Наша стоянка оказалась более удаленной от общего лагеря, чем бы того хотелось. Первоначально нас разделяла лишь утоптанная дорога, но людской страх по мере сгущения сумерек заставил подтянуть окраины ближе к центру. До ближайших соседей было уже не докричаться без матюгальника. Хотя, их месторасположение рассекречивал чей-то постоянный свистящий кашель. Или, так лаяла собака? 
Ну, хватит паранойи – что можно, уже сделано. Прямо сейчас не исправишь. Надо отдохнуть. Со стороны леса, вроде тишина. Кто пойдет туда ночью, если даже днем страшно, после недавних кровавых драм?.. Мысли заплетались, тело сладко корежило накатившим подзабытым чувством томительного ожидания короткого мига… пробуждения… холодом… режущей… стали… глубоко-о-о… под кадыком… Рррас-с-с-с-с и всё-ё-ё…         
– Смена, пора! – я рефлекторно отбил чужую руку со своего плеча, схватив второю себя же за горло. – Эт я, подъем! – Володя на всякий случай отпрянул от полусонного сумасшедшего.
Надо же, как загнал себя страхом – уже бессознательно шею страхую. А ведь в этой руке, засыпая - зажимал нож. Мог и полоснуть… Память отработала показательный психологический тест, когда подопытного, имеющего наручные часы и держащего в этой же руке стакан с соком, неожиданно спрашивают: «Сколько время?!» - и доверчивая жертва опрокидывает на себя злополучный стакан.
– Пост сдал, пост принял! - без лишних церемоний закончил за меня караульную церемонию капитан, и сладко кряхтя, развалился на пенке, передавая бремя ответственности за безопасность лагеря полусонному старпому.
Я осмотрелся в прибор ночного видения – спорное преимущество. Для распознавания годилась только движущуюся цель и если на ее фоне не было близлежащих объектов… Ну, чем бы дитя не тешилось, лишь бы не спало.
Лагерь за дорогой не гомонил, лишь иногда доносились обрывки разговоров, попадающие в резонанс с колебаниями окружающего пространства. Страх перед темнотой побуждал кошачье зрение. На это же, «жаловались» и другие караульные. Никто из них не дремал – тревога пропитала души ответственностью. Да, и у многих за спинами спали близкие родственники… Какого еще резона надо?!   
– На южной стороне шорохи? – передали мне по цепочке караульные. Я тут же бросился на проблемный участок.
– Раньше было тихо. Минут пять как вошкается. Може зверье? – шепотом отрапортовал о происшествии южный дозорный.
– Только двуногое. Мы тут так нашумели, что дятлы оглохли.

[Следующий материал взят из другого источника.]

lemma exists_norming_dual_vector_of_unit:
  assumes z: "\<nu> z = 1"
  obtains x where "dual_norm cj \<nu> x \<le> 1" "vinner cj z x = 1"
proof -
  obtain a where a: "a \<noteq> 0" "\<And>y. \<nu> y \<le> 1 \<Longrightarrow> a \<bullet> y \<le> a \<bullet> z"
    using exists_supporting_functional[OF z] by blast
  define s where "s = a \<bullet> z"
  have "dual_norm cj \<nu> a \<le> s"
    using a(2) unfolding s_def by (rule dual_norm_le_if_inner_le)
  have "0 < s"
  proof -
    have "0 < norm a ^ 2"
      using a(1) by simp
    also have "\<dots> \<le> dual_norm cj \<nu> a * \<nu> a"
      using norm_sq_le_norm_vinner_self norm_vinner_le_dual_norm by (rule order_trans)
    also have "\<dots> \<le> s * \<nu> a"
      using \<open>dual_norm cj \<nu> a \<le> s\<close> nu_nonneg by (rule mult_right_mono)
    finally show ?thesis
      using nu_nonneg[of a] by (simp add: zero_less_mult_iff)
  qed
  define x where "x = (1 / s) *\<^sub>R a"
  have "dual_norm cj \<nu> x \<le> 1"
    using a(2) \<open>0 < s\<close> by (intro dual_norm_le_if_inner_le) (simp add: x_def s_def)
  moreover have "vinner cj z x = 1"
  proof -
    have "norm (vinner cj z x) \<le> 1"
      using norm_vinner_commute[of z x] norm_vinner_le_dual_norm[of x z] \<open>dual_norm cj \<nu> x \<le> 1\<close> z
      by simp
    moreover have "vinner cj z x \<bullet> 1 = 1"
      using \<open>0 < s\<close> unfolding vinner_inner_one by (simp add: x_def s_def inner_commute)
    ultimately show ?thesis
      using eq_of_real_norm_if_norm_le_inner_one[of "vinner cj z x"] inner_one_le_norm[of "vinner cj z x"]
      by simp
  qed
  ultimately show ?thesis
    using that by blast
qed
(* Let $V$ be a finite-dimensional vector space over a division ring, and let $k_1,k_2$ be integers with $1<k_1<\dim V-1$ and $k_1+k_2=\dim V$. Then $$\mathcal{H}_{k_1,k_2}(V)=\{(U_1,U_2)\in\mathrm{Sub}_{k_1}(V)\times\mathrm{Sub}_{k_2}(V): \dim(U_1\cap U_2)>0\}$$ is a non-degenerate, non-spiky hyperplane of the Segre product $\mathbf{P}_{k_1}(V)\otimes\mathbf{P}_{k_2}(V)$.
   Context: $\mathrm{Sub}_m(V)$ is the set of $m$-dimensional subspaces of $V$. The Grassmann space $\mathbf{P}_m(V)$ has points $\mathrm{Sub}_m(V)$ and lines the pencils $\{U\in\mathrm{Sub}_m(V):H\subseteq U\subseteq B\}$ for $H\in\mathrm{Sub}_{m-1}(V)$, $B\in\mathrm{Sub}_{m+1}(V)$, $H\subseteq B$. Segre product of two partial linear spaces $(S_1,\mathcal{L}_1),(S_2,\mathcal{L}_2)$: points $S_1\times S_2$, lines $l\times\{b\}$ and $\{a\}\times m$ with $l\in\mathcal{L}_1$, $m\in\mathcal{L}_2$. Points are collinear if on a common line. Subspace: any line meeting it in at least two points lies in it; hyperplane: proper subspace meeting every line; a set $X$ is spiky if every point of $X$ is collinear with some point outside $X$. For $\mathcal{H}\subseteq S_1\times S_2$ and $a=(a_1,a_2)$: $\mathcal{H}^{[a]}_1=\{x:(x,a_2)\in\mathcal{H}\}$, $\mathcal{H}^{[a]}_2=\{y:(a_1,y)\in\mathcal{H}\}$; a hyperplane $\mathcal{H}$ is non-degenerate if all these sets are hyperplanes of the respective factors. *)

theory Defs
  imports Main
begin

text \<open>The vector space V is the carrier UNIV of a type 'v (an additive abelian group)
with a scalar multiplication by a division ring 'k.\<close>

definition vs_axioms :: "('k::division_ring \<Rightarrow> 'v::ab_group_add \<Rightarrow> 'v) \<Rightarrow> bool" where
  "vs_axioms sm \<longleftrightarrow>
     (\<forall>a x y. sm a (x + y) = sm a x + sm a y) \<and>
     (\<forall>a b x. sm (a + b) x = sm a x + sm b x) \<and>
     (\<forall>a b x. sm (a * b) x = sm a (sm b x)) \<and>
     (\<forall>x. sm 1 x = x)"
(* Let $\tau$ be a smooth function on $S^1$ and let $\ell>0$. Let $\tau^\circ=\int_{S^1}\tau\,ds$, where $s$ is the unit coordinate on $S^1$. If $\tau^\circ\neq0$, let $\Psi=\ell\tau^\circ$. Then there is a smooth embedding $\iota:S^1\to\mathcal K_\Psi$ such that $\iota(S^1)$ is a spacelike curve whose induced metric $g$ and second fundamental form $K$ satisfy $\iota^*g=g_\ell$ and $\iota^*K=\tau\,g_\ell$. If $\tau^\circ=0$, then there exist $L>0$ and a smooth embedding $\iota:S^1\to\mathcal C_L$ such that $\iota(S^1)$ is a spacelike curve whose induced metric $g$ and second fundamental form $K$ satisfy $\iota^*g=g_\ell$ and $\iota^*K=\tau\,g_\ell$.
   Context: $S^1=\mathbb{R}/\mathbb{Z}$ with unit coordinate $s$ (so $\int_{S^1}ds=1$), and $g_\ell=\ell^2ds^2$. $\mathbb{R}^{1,1}$ is $\mathbb{R}^2$ with coordinates $(t,x)$, metric $-dt^2+dx^2$, time-oriented by $\partial_t$; $I_\pm=\{\pm t>|x|\}$. For $\Psi\neq0$, $B_\Psi$ is the linear boost with matrix $\begin{pmatrix}\cosh\Psi&\sinh\Psi\\ \sinh\Psi&\cosh\Psi\end{pmatrix}$; the Kasner surface $\mathcal K_\Psi$ is $I_+/\langle B_\Psi\rangle$ if $\Psi>0$ and $I_-/\langle B_\Psi\rangle$ if $\Psi<0$, with the inherited time-oriented Lorentzian metric. For $L>0$, the flat Lorentzian cylinder is $\mathcal C_L=\mathbb{R}^{1,1}/\langle(t,x)\mapsto(t,x+L)\rangle$. For a spacelike curve, the induced second fundamental form is $K(X,Y)=-\langle n,\nabla_XY\rangle$ with $n$ the future-pointing unit normal. *)

theory Defs
  imports "HOL-Analysis.Analysis"
begin

text \<open>Points of R^{1,1} are pairs (t,x).  Functions on S^1 = R/Z are 1-periodic functions on R;
  maps S^1 -> quotient are described by lifts R -> R^2 that are equivariant w.r.t. a deck transformation.\<close>

definition smooth :: "(real \<Rightarrow> 'a::real_normed_vector) \<Rightarrow> bool" where
  "smooth f \<longleftrightarrow> (\<exists>D :: nat \<Rightarrow> real \<Rightarrow> 'a. D 0 = f \<and>
      (\<forall>n x. (D n has_vector_derivative D (Suc n) x) (at x)))"

definition mink :: "real \<times> real \<Rightarrow> real \<times> real \<Rightarrow> real" where
  "mink v w = - fst v * fst w + snd v * snd w"

definition Iplus :: "(real \<times> real) set" where
  "Iplus = {p. fst p > \<bar>snd p\<bar>}"

definition Iminus :: "(real \<times> real) set" where
  "Iminus = {p. - fst p > \<bar>snd p\<bar>}"

definition boost :: "real \<Rightarrow> real \<times> real \<Rightarrow> real \<times> real" where
  "boost \<Psi> p = (cosh \<Psi> * fst p + sinh \<Psi> * snd p, sinh \<Psi> * fst p + cosh \<Psi> * snd p)"

text \<open>B_Psi^k = boost (k * Psi).\<close>

definition fut_unit_normal :: "real \<times> real \<Rightarrow> real \<times> real" where
  "fut_unit_normal v = (THE n. mink n n = -1 \<and> mink n v = 0 \<and> fst n > 0)"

Навостри уши, пойду других предупрежу. - я справедливо решил, что лучше перебздеть, чем обосраться. Хотя, сколько еще шорохов померещится за ночь, на каждый не будешь бить общую тревогу.   
От защитной полосы веяло покоем бронированной двери… Как же сейчас дергаются люди в соседнем лагере, за дорогой, где приходится крутить башкой во все стороны, как пилоту истребителя. Ладно, пока еще не все вокруг спят, но постепенно… Ты с тревогой и ужасом наблюдаешь, как морит от усталости одного бойца за другим. Ты их тормошишь, но тебя лишь вежливо посылают, потом грубо. И вот, ты остался один с небогатым выбором – вырубиться самому, или дождаться, пока тебя самым первым не вырубят мародеры. Ведь ты, единственный бодрствующий постовой. Как лучше погибнуть: тихо во сне, или успев испугаться в здравом рассудке?!.. Не хотел бы я стоять перед тем выбором, но наверняка бы встал, находясь сейчас в сотне метрах слева.
Тишина убаюкивала. Почудившиеся южному дозорному шорохи не оправдались. Я чувствовал себя дальнобойщиком, засыпающим за баранкой от монотонности набегающей дороги. Неумолимо наступает опасное время, когда водилу больше не тормошит романтический шансон из динамиков, а постового - назойливые укусы кровососов.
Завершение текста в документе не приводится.